▸ PROVIDED DATA:
=== Begin Enclosure ===
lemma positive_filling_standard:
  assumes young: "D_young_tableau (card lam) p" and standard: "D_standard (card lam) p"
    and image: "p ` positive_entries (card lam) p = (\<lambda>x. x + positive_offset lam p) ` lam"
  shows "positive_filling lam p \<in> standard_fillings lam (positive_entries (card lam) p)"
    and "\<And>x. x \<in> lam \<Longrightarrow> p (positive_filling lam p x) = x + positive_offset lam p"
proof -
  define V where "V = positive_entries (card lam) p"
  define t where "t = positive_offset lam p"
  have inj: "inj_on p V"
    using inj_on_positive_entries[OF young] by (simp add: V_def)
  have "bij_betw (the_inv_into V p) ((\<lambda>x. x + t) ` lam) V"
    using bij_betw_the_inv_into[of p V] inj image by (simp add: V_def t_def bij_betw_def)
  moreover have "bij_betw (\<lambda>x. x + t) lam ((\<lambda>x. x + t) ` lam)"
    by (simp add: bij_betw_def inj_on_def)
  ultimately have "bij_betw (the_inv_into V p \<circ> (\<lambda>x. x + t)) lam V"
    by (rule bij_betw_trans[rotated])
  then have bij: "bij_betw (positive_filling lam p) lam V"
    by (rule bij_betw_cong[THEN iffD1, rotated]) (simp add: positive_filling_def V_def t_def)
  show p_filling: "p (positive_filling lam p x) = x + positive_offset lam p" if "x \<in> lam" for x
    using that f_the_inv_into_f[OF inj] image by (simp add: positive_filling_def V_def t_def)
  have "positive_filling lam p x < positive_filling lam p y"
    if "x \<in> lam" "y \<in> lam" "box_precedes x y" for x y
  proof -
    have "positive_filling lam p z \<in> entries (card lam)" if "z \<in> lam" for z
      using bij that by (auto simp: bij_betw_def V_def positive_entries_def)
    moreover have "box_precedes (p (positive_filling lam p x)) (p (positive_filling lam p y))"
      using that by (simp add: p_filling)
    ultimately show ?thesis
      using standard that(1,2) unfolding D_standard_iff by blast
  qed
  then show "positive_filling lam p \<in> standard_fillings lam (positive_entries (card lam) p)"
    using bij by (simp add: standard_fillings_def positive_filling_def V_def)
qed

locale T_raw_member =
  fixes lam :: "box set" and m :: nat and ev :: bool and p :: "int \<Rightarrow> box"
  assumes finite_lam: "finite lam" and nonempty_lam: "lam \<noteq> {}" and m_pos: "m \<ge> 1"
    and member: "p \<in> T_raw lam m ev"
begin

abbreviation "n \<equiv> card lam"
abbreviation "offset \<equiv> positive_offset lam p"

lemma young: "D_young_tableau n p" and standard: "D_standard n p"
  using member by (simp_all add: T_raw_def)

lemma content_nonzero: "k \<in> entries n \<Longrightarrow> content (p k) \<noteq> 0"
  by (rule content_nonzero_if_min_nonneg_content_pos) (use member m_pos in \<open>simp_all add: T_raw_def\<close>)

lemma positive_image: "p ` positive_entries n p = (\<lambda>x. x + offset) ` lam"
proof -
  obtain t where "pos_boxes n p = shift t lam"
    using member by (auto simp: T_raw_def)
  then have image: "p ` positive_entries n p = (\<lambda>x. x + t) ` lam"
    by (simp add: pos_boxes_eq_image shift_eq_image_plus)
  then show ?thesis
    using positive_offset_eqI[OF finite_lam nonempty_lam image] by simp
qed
=== End Enclosure ===
▸ ABOUT THIS TASK: Now copy each line of the entries that mentions "where".

▸ RESPONSE:
  define V where "V = positive_entries (card lam) p"
  define t where "t = positive_offset lam p"
  obtain t where "pos_boxes n p = shift t lam"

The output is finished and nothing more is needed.